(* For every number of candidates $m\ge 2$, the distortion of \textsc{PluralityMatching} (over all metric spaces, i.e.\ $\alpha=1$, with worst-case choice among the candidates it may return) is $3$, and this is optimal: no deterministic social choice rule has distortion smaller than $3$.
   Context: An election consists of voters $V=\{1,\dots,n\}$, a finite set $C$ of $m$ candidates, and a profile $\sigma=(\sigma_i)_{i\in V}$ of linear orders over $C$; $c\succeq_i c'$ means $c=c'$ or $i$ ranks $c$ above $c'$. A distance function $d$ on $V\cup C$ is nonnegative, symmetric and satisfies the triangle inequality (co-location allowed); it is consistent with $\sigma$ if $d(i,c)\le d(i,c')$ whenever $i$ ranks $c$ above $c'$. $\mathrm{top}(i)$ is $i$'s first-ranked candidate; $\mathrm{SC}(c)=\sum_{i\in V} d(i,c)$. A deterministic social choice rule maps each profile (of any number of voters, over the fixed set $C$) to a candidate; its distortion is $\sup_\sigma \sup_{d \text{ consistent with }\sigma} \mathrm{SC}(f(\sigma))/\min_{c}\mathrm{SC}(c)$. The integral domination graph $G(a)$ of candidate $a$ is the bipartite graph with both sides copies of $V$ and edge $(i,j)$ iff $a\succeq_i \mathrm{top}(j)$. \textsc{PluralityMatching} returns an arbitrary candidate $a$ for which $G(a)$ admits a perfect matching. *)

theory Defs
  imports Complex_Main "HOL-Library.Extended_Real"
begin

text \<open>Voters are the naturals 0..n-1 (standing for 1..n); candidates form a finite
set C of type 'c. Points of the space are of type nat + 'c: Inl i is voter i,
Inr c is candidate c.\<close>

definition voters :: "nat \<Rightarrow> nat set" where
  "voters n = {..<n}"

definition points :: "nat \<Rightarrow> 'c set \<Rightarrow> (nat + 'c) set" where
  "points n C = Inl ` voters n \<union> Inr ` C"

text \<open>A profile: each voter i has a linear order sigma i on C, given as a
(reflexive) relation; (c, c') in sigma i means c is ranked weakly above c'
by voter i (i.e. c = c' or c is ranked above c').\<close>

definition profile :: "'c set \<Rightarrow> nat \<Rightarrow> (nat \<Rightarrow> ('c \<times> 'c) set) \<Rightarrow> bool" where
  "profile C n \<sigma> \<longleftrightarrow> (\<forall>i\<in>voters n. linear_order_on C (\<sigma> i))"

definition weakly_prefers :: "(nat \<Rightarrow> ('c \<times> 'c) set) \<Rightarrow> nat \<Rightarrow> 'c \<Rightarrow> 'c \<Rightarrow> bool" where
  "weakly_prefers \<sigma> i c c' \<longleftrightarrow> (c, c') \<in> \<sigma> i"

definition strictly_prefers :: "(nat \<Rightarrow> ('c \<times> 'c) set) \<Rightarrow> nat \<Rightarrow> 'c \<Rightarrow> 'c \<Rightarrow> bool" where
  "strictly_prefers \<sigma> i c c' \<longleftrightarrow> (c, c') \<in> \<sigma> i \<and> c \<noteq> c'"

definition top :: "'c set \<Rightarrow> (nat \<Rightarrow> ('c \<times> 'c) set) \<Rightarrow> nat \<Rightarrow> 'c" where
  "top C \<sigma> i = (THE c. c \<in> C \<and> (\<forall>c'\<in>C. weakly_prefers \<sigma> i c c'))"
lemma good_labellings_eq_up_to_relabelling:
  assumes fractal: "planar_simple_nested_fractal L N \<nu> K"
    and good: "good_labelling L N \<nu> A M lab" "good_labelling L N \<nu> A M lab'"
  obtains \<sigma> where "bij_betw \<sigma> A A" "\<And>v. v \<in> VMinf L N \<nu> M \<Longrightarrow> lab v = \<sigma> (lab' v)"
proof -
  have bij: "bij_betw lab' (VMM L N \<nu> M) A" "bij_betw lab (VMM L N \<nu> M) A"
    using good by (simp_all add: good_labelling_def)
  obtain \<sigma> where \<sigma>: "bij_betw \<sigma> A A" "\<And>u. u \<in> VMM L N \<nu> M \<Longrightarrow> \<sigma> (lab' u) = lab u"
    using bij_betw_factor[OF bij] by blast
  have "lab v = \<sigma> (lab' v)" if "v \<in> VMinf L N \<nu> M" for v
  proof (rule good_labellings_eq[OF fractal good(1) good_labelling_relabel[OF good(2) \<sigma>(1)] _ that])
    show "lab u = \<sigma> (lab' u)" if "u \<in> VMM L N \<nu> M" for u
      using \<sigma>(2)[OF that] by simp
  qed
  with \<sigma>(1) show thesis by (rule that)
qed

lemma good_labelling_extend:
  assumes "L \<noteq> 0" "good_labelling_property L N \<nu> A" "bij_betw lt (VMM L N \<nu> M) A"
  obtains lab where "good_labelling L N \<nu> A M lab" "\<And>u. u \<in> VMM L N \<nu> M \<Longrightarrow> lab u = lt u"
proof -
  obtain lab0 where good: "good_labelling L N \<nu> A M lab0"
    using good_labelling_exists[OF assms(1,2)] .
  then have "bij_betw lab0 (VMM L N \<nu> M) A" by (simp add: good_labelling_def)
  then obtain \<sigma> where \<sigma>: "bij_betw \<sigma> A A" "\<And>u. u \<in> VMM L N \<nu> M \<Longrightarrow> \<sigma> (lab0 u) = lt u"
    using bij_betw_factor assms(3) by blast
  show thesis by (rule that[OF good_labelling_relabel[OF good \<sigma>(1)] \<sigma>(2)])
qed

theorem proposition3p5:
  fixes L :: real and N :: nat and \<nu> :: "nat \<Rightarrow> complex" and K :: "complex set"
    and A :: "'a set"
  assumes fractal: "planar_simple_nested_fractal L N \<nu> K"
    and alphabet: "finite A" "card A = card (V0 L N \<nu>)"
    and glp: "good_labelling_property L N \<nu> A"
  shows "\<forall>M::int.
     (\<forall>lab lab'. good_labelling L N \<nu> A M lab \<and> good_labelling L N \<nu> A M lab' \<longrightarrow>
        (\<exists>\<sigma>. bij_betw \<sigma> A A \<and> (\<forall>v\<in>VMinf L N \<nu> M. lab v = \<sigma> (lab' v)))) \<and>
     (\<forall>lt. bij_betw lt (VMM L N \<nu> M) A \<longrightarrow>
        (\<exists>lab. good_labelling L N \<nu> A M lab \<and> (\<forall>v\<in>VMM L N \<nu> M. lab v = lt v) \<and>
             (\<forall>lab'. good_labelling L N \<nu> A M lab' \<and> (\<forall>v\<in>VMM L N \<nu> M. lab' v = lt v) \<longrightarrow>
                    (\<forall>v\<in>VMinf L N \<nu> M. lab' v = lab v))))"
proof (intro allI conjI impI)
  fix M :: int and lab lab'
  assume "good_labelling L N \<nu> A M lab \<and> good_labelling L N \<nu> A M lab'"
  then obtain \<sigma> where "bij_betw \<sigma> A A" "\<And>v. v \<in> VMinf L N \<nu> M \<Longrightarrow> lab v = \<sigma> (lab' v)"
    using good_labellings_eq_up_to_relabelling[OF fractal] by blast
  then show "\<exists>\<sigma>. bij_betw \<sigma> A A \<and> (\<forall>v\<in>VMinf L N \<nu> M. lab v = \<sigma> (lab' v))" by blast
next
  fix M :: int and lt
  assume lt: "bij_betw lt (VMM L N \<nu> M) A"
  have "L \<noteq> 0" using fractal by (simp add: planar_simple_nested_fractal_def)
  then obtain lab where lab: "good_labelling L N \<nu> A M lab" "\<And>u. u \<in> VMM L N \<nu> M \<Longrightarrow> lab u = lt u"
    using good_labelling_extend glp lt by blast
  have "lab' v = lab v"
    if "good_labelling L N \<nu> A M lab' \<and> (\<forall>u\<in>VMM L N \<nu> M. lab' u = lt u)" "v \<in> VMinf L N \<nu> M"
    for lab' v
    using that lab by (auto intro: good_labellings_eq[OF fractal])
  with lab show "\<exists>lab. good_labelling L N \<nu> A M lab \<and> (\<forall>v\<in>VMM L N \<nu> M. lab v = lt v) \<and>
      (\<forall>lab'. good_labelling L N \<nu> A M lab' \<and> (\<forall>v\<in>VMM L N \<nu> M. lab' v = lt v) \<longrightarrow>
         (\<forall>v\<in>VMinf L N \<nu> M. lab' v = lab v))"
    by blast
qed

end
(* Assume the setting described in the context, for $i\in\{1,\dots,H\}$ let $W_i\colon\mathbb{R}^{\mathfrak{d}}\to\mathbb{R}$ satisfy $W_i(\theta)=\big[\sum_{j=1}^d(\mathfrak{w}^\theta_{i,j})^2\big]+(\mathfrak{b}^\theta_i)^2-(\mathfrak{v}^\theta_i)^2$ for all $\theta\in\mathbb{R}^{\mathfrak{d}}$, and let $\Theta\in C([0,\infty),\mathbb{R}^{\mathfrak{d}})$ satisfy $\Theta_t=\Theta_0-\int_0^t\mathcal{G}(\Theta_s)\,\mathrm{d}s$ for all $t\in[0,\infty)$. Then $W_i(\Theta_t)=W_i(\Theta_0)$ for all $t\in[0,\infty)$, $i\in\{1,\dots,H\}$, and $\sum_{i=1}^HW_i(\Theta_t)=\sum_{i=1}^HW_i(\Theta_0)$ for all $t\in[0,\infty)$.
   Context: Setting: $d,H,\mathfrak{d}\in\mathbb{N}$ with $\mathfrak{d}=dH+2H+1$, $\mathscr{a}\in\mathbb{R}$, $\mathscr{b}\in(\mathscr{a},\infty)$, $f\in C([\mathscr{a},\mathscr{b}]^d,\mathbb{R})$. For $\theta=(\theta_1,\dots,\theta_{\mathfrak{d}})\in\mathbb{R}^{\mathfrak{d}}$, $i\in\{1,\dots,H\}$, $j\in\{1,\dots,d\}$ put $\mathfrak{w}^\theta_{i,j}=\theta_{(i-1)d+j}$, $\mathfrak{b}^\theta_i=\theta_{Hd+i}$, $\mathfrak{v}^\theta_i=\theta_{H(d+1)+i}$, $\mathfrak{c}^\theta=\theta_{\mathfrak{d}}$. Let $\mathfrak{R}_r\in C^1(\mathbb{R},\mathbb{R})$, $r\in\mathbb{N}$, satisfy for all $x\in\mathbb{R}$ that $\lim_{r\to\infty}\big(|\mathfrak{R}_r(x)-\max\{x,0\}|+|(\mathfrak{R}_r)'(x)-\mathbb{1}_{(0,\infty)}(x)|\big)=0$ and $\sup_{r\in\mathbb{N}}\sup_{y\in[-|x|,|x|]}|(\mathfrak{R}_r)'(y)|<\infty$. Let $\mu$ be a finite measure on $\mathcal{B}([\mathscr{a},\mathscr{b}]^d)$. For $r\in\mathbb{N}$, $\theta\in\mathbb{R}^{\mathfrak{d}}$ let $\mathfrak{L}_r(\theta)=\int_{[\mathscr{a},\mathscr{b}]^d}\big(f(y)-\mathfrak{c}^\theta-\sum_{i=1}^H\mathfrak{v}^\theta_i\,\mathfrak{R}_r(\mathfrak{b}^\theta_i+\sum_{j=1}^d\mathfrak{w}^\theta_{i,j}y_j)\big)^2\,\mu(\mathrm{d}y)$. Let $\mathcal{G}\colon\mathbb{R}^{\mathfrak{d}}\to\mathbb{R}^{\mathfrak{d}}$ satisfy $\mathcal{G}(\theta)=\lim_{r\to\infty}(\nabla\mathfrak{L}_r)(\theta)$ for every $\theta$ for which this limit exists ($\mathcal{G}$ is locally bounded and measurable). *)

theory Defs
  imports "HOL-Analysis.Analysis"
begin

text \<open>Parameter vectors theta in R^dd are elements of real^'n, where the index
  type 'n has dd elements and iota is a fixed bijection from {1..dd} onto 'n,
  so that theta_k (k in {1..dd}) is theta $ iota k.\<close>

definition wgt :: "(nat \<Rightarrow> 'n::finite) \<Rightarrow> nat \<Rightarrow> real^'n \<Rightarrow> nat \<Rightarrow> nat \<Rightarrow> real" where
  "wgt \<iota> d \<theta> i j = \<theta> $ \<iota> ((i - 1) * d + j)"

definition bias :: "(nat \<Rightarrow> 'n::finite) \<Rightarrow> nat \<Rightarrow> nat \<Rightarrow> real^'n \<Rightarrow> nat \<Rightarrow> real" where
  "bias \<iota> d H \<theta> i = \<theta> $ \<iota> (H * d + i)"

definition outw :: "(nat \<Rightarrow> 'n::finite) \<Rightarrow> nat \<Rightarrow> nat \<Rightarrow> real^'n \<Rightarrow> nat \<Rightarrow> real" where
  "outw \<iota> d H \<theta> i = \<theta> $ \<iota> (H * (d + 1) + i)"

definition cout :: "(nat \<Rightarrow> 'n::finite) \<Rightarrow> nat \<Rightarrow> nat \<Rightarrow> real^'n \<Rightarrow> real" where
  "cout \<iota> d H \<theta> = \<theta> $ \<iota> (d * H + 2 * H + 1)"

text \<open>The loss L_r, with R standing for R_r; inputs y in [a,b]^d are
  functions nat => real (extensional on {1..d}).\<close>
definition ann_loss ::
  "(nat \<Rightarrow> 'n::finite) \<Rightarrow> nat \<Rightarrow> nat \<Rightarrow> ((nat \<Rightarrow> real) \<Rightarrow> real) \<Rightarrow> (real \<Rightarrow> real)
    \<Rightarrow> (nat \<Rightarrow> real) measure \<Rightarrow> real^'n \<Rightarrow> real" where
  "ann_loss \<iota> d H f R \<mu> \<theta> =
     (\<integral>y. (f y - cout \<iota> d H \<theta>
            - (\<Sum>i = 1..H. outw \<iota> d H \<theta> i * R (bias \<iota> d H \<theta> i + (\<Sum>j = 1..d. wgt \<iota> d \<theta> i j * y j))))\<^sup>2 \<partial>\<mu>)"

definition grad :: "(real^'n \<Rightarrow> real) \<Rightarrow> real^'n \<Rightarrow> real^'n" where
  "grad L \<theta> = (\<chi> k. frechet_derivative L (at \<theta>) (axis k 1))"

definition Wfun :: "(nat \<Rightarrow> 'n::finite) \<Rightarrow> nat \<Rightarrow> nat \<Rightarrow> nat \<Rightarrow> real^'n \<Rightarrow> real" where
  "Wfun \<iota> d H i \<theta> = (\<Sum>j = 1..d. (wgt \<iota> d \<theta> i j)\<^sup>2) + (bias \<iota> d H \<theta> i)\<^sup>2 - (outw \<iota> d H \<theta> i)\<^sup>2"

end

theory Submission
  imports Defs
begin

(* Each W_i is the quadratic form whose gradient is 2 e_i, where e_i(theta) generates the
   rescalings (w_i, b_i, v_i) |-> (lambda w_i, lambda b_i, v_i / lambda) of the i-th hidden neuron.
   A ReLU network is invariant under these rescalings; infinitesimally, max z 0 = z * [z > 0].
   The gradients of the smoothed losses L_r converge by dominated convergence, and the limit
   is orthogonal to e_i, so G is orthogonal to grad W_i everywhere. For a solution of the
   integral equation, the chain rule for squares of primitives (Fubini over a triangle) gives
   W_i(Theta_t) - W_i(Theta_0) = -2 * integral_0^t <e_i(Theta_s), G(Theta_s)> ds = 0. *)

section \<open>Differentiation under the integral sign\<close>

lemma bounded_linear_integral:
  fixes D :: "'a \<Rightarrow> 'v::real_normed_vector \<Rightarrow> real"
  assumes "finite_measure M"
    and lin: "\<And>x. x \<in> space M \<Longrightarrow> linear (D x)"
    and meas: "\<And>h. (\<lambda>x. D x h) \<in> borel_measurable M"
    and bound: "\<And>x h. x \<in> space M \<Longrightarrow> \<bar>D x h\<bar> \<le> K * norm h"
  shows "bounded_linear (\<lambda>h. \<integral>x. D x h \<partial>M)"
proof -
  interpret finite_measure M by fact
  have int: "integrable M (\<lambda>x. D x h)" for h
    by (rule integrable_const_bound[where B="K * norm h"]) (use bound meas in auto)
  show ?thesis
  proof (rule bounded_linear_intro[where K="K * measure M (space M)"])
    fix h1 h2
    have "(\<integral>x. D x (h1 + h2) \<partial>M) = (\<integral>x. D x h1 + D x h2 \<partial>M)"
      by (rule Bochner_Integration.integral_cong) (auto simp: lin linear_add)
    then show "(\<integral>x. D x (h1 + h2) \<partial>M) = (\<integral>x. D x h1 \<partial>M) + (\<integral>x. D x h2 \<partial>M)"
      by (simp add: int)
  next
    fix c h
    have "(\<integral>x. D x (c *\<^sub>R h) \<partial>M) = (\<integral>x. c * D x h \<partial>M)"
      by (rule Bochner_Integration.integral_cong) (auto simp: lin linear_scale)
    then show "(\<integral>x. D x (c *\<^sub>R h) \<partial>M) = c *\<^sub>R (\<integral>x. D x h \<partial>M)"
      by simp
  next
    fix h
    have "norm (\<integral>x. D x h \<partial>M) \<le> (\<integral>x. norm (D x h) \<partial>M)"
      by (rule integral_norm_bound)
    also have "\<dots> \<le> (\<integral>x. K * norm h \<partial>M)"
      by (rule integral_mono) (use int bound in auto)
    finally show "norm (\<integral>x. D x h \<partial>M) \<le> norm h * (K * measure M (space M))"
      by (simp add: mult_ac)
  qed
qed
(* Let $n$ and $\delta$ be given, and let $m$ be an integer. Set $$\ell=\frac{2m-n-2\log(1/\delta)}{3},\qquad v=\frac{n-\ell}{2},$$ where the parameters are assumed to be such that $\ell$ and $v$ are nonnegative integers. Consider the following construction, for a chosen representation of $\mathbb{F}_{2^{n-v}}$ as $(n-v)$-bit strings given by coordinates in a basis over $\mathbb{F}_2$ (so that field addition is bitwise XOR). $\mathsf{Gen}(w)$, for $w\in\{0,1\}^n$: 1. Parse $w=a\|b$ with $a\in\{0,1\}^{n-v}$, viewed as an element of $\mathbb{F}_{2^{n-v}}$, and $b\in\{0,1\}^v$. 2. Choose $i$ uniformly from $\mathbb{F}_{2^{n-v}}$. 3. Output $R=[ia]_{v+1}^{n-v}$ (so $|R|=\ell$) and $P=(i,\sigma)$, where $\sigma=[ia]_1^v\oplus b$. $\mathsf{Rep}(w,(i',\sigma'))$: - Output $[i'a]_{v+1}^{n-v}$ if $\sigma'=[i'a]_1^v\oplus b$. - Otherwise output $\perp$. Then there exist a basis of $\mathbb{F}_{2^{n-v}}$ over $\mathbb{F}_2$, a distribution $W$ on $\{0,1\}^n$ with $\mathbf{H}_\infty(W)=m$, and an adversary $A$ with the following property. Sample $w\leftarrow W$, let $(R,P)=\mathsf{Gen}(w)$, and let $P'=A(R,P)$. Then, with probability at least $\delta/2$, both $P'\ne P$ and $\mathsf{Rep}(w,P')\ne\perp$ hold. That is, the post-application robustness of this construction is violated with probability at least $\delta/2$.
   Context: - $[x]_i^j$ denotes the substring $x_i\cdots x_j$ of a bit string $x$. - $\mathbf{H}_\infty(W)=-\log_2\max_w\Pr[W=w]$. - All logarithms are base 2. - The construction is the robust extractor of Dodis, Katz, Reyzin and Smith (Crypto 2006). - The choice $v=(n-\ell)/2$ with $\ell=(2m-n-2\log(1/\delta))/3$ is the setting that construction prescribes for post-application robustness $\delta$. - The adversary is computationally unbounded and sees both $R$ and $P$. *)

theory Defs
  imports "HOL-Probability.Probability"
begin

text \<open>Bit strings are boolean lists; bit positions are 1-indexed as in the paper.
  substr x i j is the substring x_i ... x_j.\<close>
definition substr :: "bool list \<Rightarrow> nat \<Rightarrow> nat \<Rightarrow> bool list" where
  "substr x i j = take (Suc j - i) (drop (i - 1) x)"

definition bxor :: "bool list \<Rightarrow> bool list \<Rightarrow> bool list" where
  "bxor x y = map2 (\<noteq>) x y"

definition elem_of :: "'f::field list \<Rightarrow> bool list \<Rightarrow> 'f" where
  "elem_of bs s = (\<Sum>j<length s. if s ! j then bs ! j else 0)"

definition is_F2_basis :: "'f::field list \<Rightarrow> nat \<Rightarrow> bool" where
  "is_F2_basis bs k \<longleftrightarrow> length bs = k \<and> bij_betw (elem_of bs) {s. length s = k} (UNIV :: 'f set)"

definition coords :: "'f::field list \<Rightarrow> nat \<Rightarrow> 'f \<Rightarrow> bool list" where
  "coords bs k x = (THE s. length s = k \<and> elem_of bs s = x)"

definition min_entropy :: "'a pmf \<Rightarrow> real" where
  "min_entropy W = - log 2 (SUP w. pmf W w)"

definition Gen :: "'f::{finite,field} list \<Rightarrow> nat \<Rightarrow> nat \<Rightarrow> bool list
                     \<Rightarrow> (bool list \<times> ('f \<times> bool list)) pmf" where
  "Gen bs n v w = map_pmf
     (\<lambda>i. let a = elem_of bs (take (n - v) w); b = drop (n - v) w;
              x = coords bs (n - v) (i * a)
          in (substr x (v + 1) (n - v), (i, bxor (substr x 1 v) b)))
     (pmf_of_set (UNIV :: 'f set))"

==========

## [Problem requirements]
Give only the number of lines in the data that include the string "thesis".

## [Answer space]
3